I'm trying to take a list of items and check for their status change based on certain processing by the API. 我正在尝试获取项目列表，并根据API的某些处理检查其状态更改。 The list will be manually populated and can vary in number to several thousand. 该列表将手动填充，并且数量可能会变化到数千个。

I'm trying to write a script that makes multiple simultaneous connections to the API to keep checking for the status change. 我正在尝试编写一个脚本，该脚本使多个同时连接到API，以继续检查状态更改。 For each item, once the status changes, the attempts to check must stop. 对于每一项，一旦状态改变，就必须停止检查尝试。 Based on reading other posts on Stackoverflow (Specifically, What is the fastest way to send 100,000 HTTP requests in Python? ), I've come up with the following code. 基于阅读Stackoverflow上的其他文章（具体地说，用Python发送100,000个HTTP请求的最快方法是什么？

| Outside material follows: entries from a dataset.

(* Let $T\in\mathbb R^{m\times n}$ be injective and satisfy the positive cone condition, and $y\in\mathbb R^m$. Then for every $\lambda>0$, $$|x_\mu^i|\le|x_\lambda^i|\qquad\text{for all }i\in I(\lambda)\text{ and all }0<\mu\le\lambda.$$
   Context: For $\lambda>0$, $x_\lambda$ is the unique minimizer of $x\mapsto\frac{\lambda}{2}\|Tx-y\|_2^2+\|x\|_1$ on $\mathbb R^n$; $I(\lambda)=\{i:x_\lambda^i\ne0\}$. Positive cone condition: for every nonempty $J\subset\{1,\dots,n\}$, with $T^J$ the submatrix of columns indexed by $J$ and $S_J=((T^J)^TT^J)^{-1}$, one has $(S_J)_{i,i}-\sum_{j\ne i}|(S_J)_{i,j}|\ge0$ for all $i\in J$. *)

theory Defs
  imports "HOL-Analysis.Analysis"
begin

definition lasso_obj :: "real^'n^'m \<Rightarrow> real^'m \<Rightarrow> real \<Rightarrow> real^'n \<Rightarrow> real" where
  "lasso_obj T y lam x = lam / 2 * (norm (T *v x - y))\<^sup>2 + (\<Sum>i\<in>UNIV. \<bar>x $ i\<bar>)"

definition lasso_sol :: "real^'n^'m \<Rightarrow> real^'m \<Rightarrow> real \<Rightarrow> real^'n" where
  "lasso_sol T y lam = (THE x. \<forall>z. lasso_obj T y lam x \<le> lasso_obj T y lam z)"

definition lasso_support :: "real^'n^'m \<Rightarrow> real^'m \<Rightarrow> real \<Rightarrow> 'n set" where
  "lasso_support T y lam = {i. lasso_sol T y lam $ i \<noteq> 0}"

definition gram :: "real^'n^'m \<Rightarrow> 'n \<Rightarrow> 'n \<Rightarrow> real" where
  "gram T i j = column i T \<bullet> column j T"

text \<open>Positive cone condition: for every nonempty J, with S_J the inverse of
  (T^J)^T T^J (a J x J matrix), S_J is diagonally dominant with nonnegative margin.
  S_J is described as any J-indexed matrix inverting the Gram matrix on J
  (it is unique whenever it exists).\<close>
definition positive_cone_condition :: "real^'n^'m \<Rightarrow> bool" where
  "positive_cone_condition T \<longleftrightarrow>
     (\<forall>J::'n set. J \<noteq> {} \<longrightarrow>
        (\<forall>S::'n \<Rightarrow> 'n \<Rightarrow> real.
           (\<forall>i\<in>J. \<forall>j\<in>J. (\<Sum>k\<in>J. gram T i k * S k j) = (if i = j then 1 else 0))
           \<longrightarrow> (\<forall>i\<in>J. S i i - (\<Sum>j\<in>J - {i}. \<bar>S i j\<bar>) \<ge> 0)))"

end

theory Submission
  imports Defs
begin

text \<open>Parametrise by \<open>r = 1/\<lambda>\<close>. A sign pattern \<open>(J, P)\<close> (support \<open>J\<close>, positive part \<open>P\<close>,
  signs \<open>\<sigma>\<close>) determines the affine path \<open>z(r) = z\<^sub>0 - r d\<close> with \<open>d = S\<^sub>J \<sigma>\<close>, and on the closed
  set of \<open>r\<close> where \<open>z(r)\<close> satisfies the KKT conditions with that pattern, \<open>z(r)\<close> is the lasso
  solution. The positive cone condition gives \<open>\<sigma>\<^sub>i d\<^sub>i \<ge> (S\<^sub>J)\<^sub>i\<^sub>i - (\<Sum>j \<noteq> i. \<bar>(S\<^sub>J)\<^sub>i\<^sub>j\<bar>) \<ge> 0\<close>,
  so every \<open>\<bar>z\<^sub>i(r)\<bar>\<close> is non-increasing on such a set. Finitely many of these closed sets cover
  \<open>[1/\<lambda>, 1/\<mu>]\<close>, and a function that is antitone on each member of a finite closed cover of an
  interval is antitone on the whole interval.\<close>

lemma inner_matrix_vector_mult:
  "u \<bullet> (T *v v) = (\<Sum>j\<in>UNIV. v$j * (column j T \<bullet> u))"
  by (simp add: matrix_mult_sum inner_sum_right inner_commute scalar_mult_eq_scaleR)

lemma column_inner_matrix_vector_mult:
  "column j T \<bullet> (T *v w) = (\<Sum>k\<in>UNIV. gram T j k * w$k)"
  by (simp add: inner_matrix_vector_mult gram_def inner_commute mult.commute)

），我得出了以下代码。 But the script always stops after processing the list once. 但是脚本总是在处理完列表后停止。 What am I doing wrong? 我究竟做错了什么？

One additional issue that I'm facing is that the keyboard interrup method never fires (I'm trying with Ctrl+C but it does not kill the script. 我面临的另一个问题是，键盘插入方法永远不会触发（我正在尝试使用Ctrl + C，但是它不会终止脚本。

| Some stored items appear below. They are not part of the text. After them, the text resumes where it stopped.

lemma orthant_route_subset_disagreement:
  assumes "valid_tree nf {} T" "classify T x \<noteq> classify T' x"
  shows "orthant nf (cell w (route T x)) (shape (route T' x)) x
    \<subseteq> {y\<in>grid nf w. classify T y \<noteq> classify T' y}"
proof
  fix y assume y: "y \<in> orthant nf (cell w (route T x)) (shape (route T' x)) x"
  have route_features: "fst ` set (route T x) \<subseteq> {..<nf}"
    using route_valid_tree[OF assms(1)] by auto
  have y_cell: "y \<in> list_box nf (cell w (route T x))"
    using y unfolding orthant_def by auto
  have "classify T y = classify T x"
    using classify_eq_if_passes_route cell_subset_grid_passes(2)[OF route_features y_cell] by blast
  moreover have "classify T' y = classify T' x"
    using classify_eq_if_passes_route orthant_shape_subset[OF passes_route] y by blast
  ultimately show "y \<in> {y\<in>grid nf w. classify T y \<noteq> classify T' y}"
    using cell_subset_grid_passes(1)[OF route_features y_cell] assms(2) by auto
qed

definition dis_ratio :: "('a \<Rightarrow> bool) set \<Rightarrow> 'a set \<Rightarrow> ('a \<Rightarrow> bool) \<Rightarrow> real \<Rightarrow> real" where
  "dis_ratio H S h r = real (card (DIS S (ball_H H S h r))) / (r * real (card S))"

lemma finite_DIS: "finite S \<Longrightarrow> finite (DIS S V)"
  unfolding DIS_def by simp

lemma dis_coeff_le:
  assumes "H \<noteq> {}" and "\<And>h r. h \<in> H \<Longrightarrow> 0 < r \<Longrightarrow> dis_ratio H S h r \<le> B"
  shows "dis_coeff H S \<le> B"
  unfolding dis_coeff_def dis_coeff_h_def dis_ratio_def[symmetric]
  using assms by (intro cSUP_least) auto

lemma dis_ratio_le_dis_coeff:
  assumes "\<And>h r. h \<in> H \<Longrightarrow> 0 < r \<Longrightarrow> dis_ratio H S h r \<le> B" and "h \<in> H" "0 < r"
  shows "dis_ratio H S h r \<le> dis_coeff H S"
proof -
  have h_le: "dis_coeff_h H S h' \<le> B" if "h' \<in> H" for h'
    unfolding dis_coeff_h_def dis_ratio_def[symmetric]
    using assms(1) that by (intro cSUP_least) auto
  have "dis_ratio H S h r \<le> dis_coeff_h H S h"
    unfolding dis_coeff_h_def dis_ratio_def[symmetric]
    using assms by (intro cSUP_upper bdd_aboveI2[where M = B]) auto
  also have "\<dots> \<le> dis_coeff H S"
    unfolding dis_coeff_def
    using assms(2) h_le by (intro cSUP_upper bdd_aboveI2[where M = B]) auto
  finally show ?thesis .
qed

lemma Leaf_in_DT_class: "classify (Leaf b) \<in> DT_class nf d"
  unfolding DT_class_def by force

section \<open>The upper bound\<close>

lemma DIS_ball_subset_small_orthant_points:
  assumes T: "valid_tree nf {} T"
  shows "DIS (grid nf w) (ball_H (DT_class nf d) (grid nf w) (classify T) r)
    \<subseteq> (\<Union>p\<in>routes T. \<Union>\<sigma>\<in>shapes nf d.
          small_orthant_points nf (cell w p) \<sigma> (r * real (card (grid nf w))))"
proof
  let ?S = "grid nf w" and ?h = "classify T"
  let ?B = "ball_H (DT_class nf d) ?S ?h r"
  fix x assume x: "x \<in> DIS ?S ?B"
  obtain h1 h2 where h12: "h1 \<in> ?B" "h2 \<in> ?B" "h1 x \<noteq> h2 x"
    using x unfolding DIS_def by blast
  have "\<exists>h'\<in>?B. h' x \<noteq> ?h x"
    using h12 by (cases "h1 x = ?h x") auto
  then obtain h' where h': "h' \<in> ?B" "h' x \<noteq> ?h x"
    by blast
  obtain T' where T': "valid_tree nf {} T'" "height T' \<le> d" "h' = classify T'"
    using h'(1) unfolding ball_H_def DT_class_def by auto
  have "card (orthant nf (cell w (route T x)) (shape (route T' x)) x)
      \<le> card {y\<in>?S. ?h y \<noteq> h' y}"
    using orthant_route_subset_disagreement[OF T] h'(2) finite_grid
    unfolding T'(3) by (intro card_mono) auto
  moreover have "real (card {y\<in>?S. ?h y \<noteq> h' y}) \<le> r * real (card ?S)"
    using h'(1) card_grid[of nf w] unfolding ball_H_def dist_S_def by (simp add: field_simps)
  moreover have "x \<in> list_box nf (cell w (route T x))"
    using x passes_in_cell[OF _ passes_route] unfolding DIS_def by blast
  ultimately have "x \<in> small_orthant_points nf (cell w (route T x)) (shape (route T' x))
      (r * real (card ?S))"
    unfolding small_orthant_points_def by auto
  then show "x \<in> (\<Union>p\<in>routes T. \<Union>\<sigma>\<in>shapes nf d. small_orthant_points nf (cell w p) \<sigma>
      (r * real (card ?S)))"
    using route_in_routes shape_route_in_shapes[OF T'(1,2)] by blast
qed

lemma one_le_harm_Suc: "1 \<le> (harm (Suc w) :: real)"
  using harm_mono[of 1 "Suc w"] by (simp add: harm_def)

lemma card_UN_small_orthant_points_le:
  assumes "height T \<le> d" "0 \<le> m"
  shows "real (card (\<Union>p\<in>routes T. \<Union>\<sigma>\<in>shapes nf d. small_orthant_points nf (cell w p) \<sigma> m))
    \<le> 2 ^ d * real (card (shapes nf d)) * harm (Suc w) ^ d * m"
proof -
  have cell: "finite (cell w p i) \<and> card (cell w p i) \<le> Suc w" for p i
    using cell_subset_atMost[of w p i] card_mono[of "{..w}"] finite_subset by fastforce
  have each: "real (card (small_orthant_points nf (cell w p) \<sigma> m)) \<le> m * harm (Suc w) ^ d"
    if "\<sigma> \<in> shapes nf d" for p \<sigma>
  proof -
    have "real (card (small_orthant_points nf (cell w p) \<sigma> m)) \<le> m * harm (Suc w) ^ length \<sigma>"
      using that assms(2) cell by (intro card_small_orthant_points_le) (auto simp: shapes_def)
    also have "\<dots> \<le> m * harm (Suc w) ^ d"
      using that assms(2) one_le_harm_Suc unfolding shapes_def
      by (intro mult_left_mono power_increasing) auto
    finally show ?thesis .
  qed
  have "card (\<Union>p\<in>routes T. \<Union>\<sigma>\<in>shapes nf d. small_orthant_points nf (cell w p) \<sigma> m)
      \<le> (\<Sum>p\<in>routes T. \<Sum>\<sigma>\<in>shapes nf d. card (small_orthant_points nf (cell w p) \<sigma> m))"
    by (intro order_trans[OF card_UN_le[OF finite_routes]] sum_mono card_UN_le finite_shapes)
  then have "real (card (\<Union>p\<in>routes T. \<Union>\<sigma>\<in>shapes nf d. small_orthant_points nf (cell w p) \<sigma> m))
      \<le> (\<Sum>p\<in>routes T. \<Sum>\<sigma>\<in>shapes nf d. real (card (small_orthant_points nf (cell w p) \<sigma> m)))"
    by (simp only: of_nat_sum[symmetric] of_nat_le_iff)
  also have "\<dots> \<le> (\<Sum>p\<in>routes T. \<Sum>\<sigma>\<in>shapes nf d. m * harm (Suc w) ^ d)"
    by (intro sum_mono each)
  also have "\<dots> = real (card (routes T)) * real (card (shapes nf d)) * (m * harm (Suc w) ^ d)"
    by simp
  also have "\<dots> \<le> 2 ^ d * real (card (shapes nf d)) * (m * harm (Suc w) ^ d)"
  proof (rule mult_right_mono)
    have "card (routes T) \<le> (2::nat) ^ d"
      using card_routes_le[of T] power_increasing[OF assms(1), of "2::nat"] by linarith
    then have "real (card (routes T)) \<le> 2 ^ d"
      by (metis of_nat_le_iff of_nat_numeral of_nat_power)
    then show "real (card (routes T)) * real (card (shapes nf d)) \<le> 2 ^ d * real (card (shapes nf d))"
      by (rule mult_right_mono) simp
  qed (use assms(2) in \<open>simp add: harm_nonneg\<close>)
  finally show ?thesis
    by (simp add: algebra_simps)
qed

lemma dis_ratio_DT_grid_le:
  assumes "h \<in> DT_class nf d" "0 < r"
  shows "dis_ratio (DT_class nf d) (grid nf w) h r
    \<le> 2 ^ d * real (card (shapes nf d)) * harm (Suc w) ^ d"
proof -
  obtain T where T: "valid_tree nf {} T" "height T \<le> d" "h = classify T"
    using assms(1) unfolding DT_class_def by auto
  let ?m = "r * real (card (grid nf w))"
  have fin_cells: "finite (\<Union>p\<in>routes T. \<Union>\<sigma>\<in>shapes nf d. small_orthant_points nf (cell w p) \<sigma> ?m)"
    using finite_subset[OF cell_subset_atMost]
    by (intro finite_UN_I finite_routes finite_shapes finite_small_orthant_points) auto
  have "real (card (DIS (grid nf w) (ball_H (DT_class nf d) (grid nf w) h r)))
      \<le> real (card (\<Union>p\<in>routes T. \<Union>\<sigma>\<in>shapes nf d. small_orthant_points nf (cell w p) \<sigma> ?m))"
    unfolding T(3)
    by (intro of_nat_mono card_mono[OF fin_cells DIS_ball_subset_small_orthant_points[OF T(1)]])
  also have "\<dots> \<le> 2 ^ d * real (card (shapes nf d)) * harm (Suc w) ^ d * ?m"
    using assms(2) by (intro card_UN_small_orthant_points_le[OF T(2)]) simp
  finally show ?thesis
    using assms(2) unfolding dis_ratio_def by (simp add: divide_le_eq card_grid)
qed

lemma dis_coeff_DT_grid_le:
  "dis_coeff (DT_class nf d) (grid nf w) \<le> 2 ^ d * real (card (shapes nf d)) * harm (Suc w) ^ d"
  using Leaf_in_DT_class dis_ratio_DT_grid_le by (intro dis_coeff_le) blast+

section \<open>Lists with bounded product\<close>

definition prod_le_lists :: "nat \<Rightarrow> nat \<Rightarrow> nat list set" where
  "prod_le_lists k T = {ms. length ms = k \<and> 0 \<notin> set ms \<and> prod_list ms \<le> T}"

lemma member_le_prod_list: "m \<in> set ms \<Longrightarrow> 0 \<notin> set ms \<Longrightarrow> m \<le> prod_list (ms :: nat list)"
  by (metis dvd_imp_le gr0I prod_list_dvd prod_list_zero_iff)

lemma prod_le_lists_subset: "prod_le_lists k T \<subseteq> {ms. set ms \<subseteq> {1..T} \<and> length ms = k}"
proof clarify
  fix ms assume ms: "ms \<in> prod_le_lists k T"
  have "m \<in> {1..T}" if "m \<in> set ms" for m
    using that ms member_le_prod_list[OF that] unfolding prod_le_lists_def
    by (auto simp: Suc_le_eq intro: gr0I)
  then show "set ms \<subseteq> {1..T} \<and> length ms = k"
    using ms unfolding prod_le_lists_def by auto
qed

lemma finite_prod_le_lists: "finite (prod_le_lists k T)"
  by (rule finite_subset[OF prod_le_lists_subset]) (simp add: finite_lists_length_eq)

definition dyadic_block :: "nat \<Rightarrow> nat \<Rightarrow> nat \<Rightarrow> nat list set" where
  "dyadic_block E k i =
    (\<lambda>(m, ms). m # ms) ` ({2 ^ (E - 1 - i)..<2 ^ (E - i)} \<times> prod_le_lists k (2 ^ i))"

lemma dyadic_block_subset:
  assumes "i < E"
  shows "dyadic_block E k i \<subseteq> prod_le_lists (Suc k) (2 ^ E)"
proof
  fix xs assume "xs \<in> dyadic_block E k i"
  then obtain m ms where m: "2 ^ (E - 1 - i) \<le> m" "m < 2 ^ (E - i)"
    and ms: "ms \<in> prod_le_lists k (2 ^ i)" and xs: "xs = m # ms"
    unfolding dyadic_block_def by auto
  have "prod_list xs \<le> 2 ^ (E - i) * 2 ^ i"
    using m ms unfolding xs prod_le_lists_def by (auto intro: mult_mono)
  also have "\<dots> = 2 ^ E"
    using assms by (simp flip: power_add)
  finally show "xs \<in> prod_le_lists (Suc k) (2 ^ E)"
    using m ms unfolding xs prod_le_lists_def
    by (auto simp: not_less_eq_eq[symmetric] order.strict_trans2[OF _ m(1)])
qed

from urlparse import urlparse
from threading import Thread
import httplib, sys
from Queue import Queue

requestURLBase = "https://example.com/api"
apiKey = "123456"

concurrent = 200

keepTrying = 1

def doWork():
    while keepTrying == 1:
        url = q.get()
        status, body, url = checkStatus(url)
        checkResult(status, body, url)
        q.task_done()

def checkStatus(ourl):
    try:
        url = urlparse(ourl)
        conn = httplib.HTTPConnection(requestURLBase)
        conn.request("GET", url.path)
        res = conn.getresponse()
        respBody = res.read()
        conn.close()
        return res.status, respBody, ourl #Status can be 210 for error or 300 for successful API response
    except:
        print "ErrorBlock"
        print res.read()
        conn.close()
        return "error", "error", ourl

def checkResult(status, body, url):
    if "unavailable" not in body:
        print status, body, url
        keepTrying = 1
    else:
        keepTrying = 0

q = Queue(concurrent * 2)
for i in range(concurrent):
    t = Thread(target=doWork)
    t.daemon = True
    t.start()
try:
    for value in open('valuelist.txt'):
        fullUrl = requestURLBase + "?key=" + apiKey + "&value=" + value.strip() + "&years="
        print fullUrl
        q.put(fullUrl)
    q.join()
except KeyboardInterrupt:
    sys.exit(1)

I'm new to Python so there could be syntax errors as well... I'm definitely not familiar with multi-threading so perhaps I'm doing something else wrong as well. 我是Python的新手，所以可能还会出现语法错误...我绝对不熟悉多线程，所以也许我也在做其他错误。

Answer 1

In the code, the list is only read once. 在代码中，列表仅被读取一次。 Should be something like 应该是这样的

try:
    while True:
        for value in open('valuelist.txt'):
            fullUrl = requestURLBase + "?key=" + apiKey + "&value=" + value.strip() + "&years="
            print fullUrl
            q.put(fullUrl)
        q.join()

For the interrupt thing, remove the bare except line in checkStatus or make it except Exception . 对于中断事件，请除去checkStatus中的裸except行或使其成为except Exception except行。 Bare excepts will catch all exceptions, including SystemExit which is what sys.exit raises and stop the python process from terminating. 仅有的例外项将捕获所有异常，包括sys.exit引发的SystemExit并阻止python进程终止。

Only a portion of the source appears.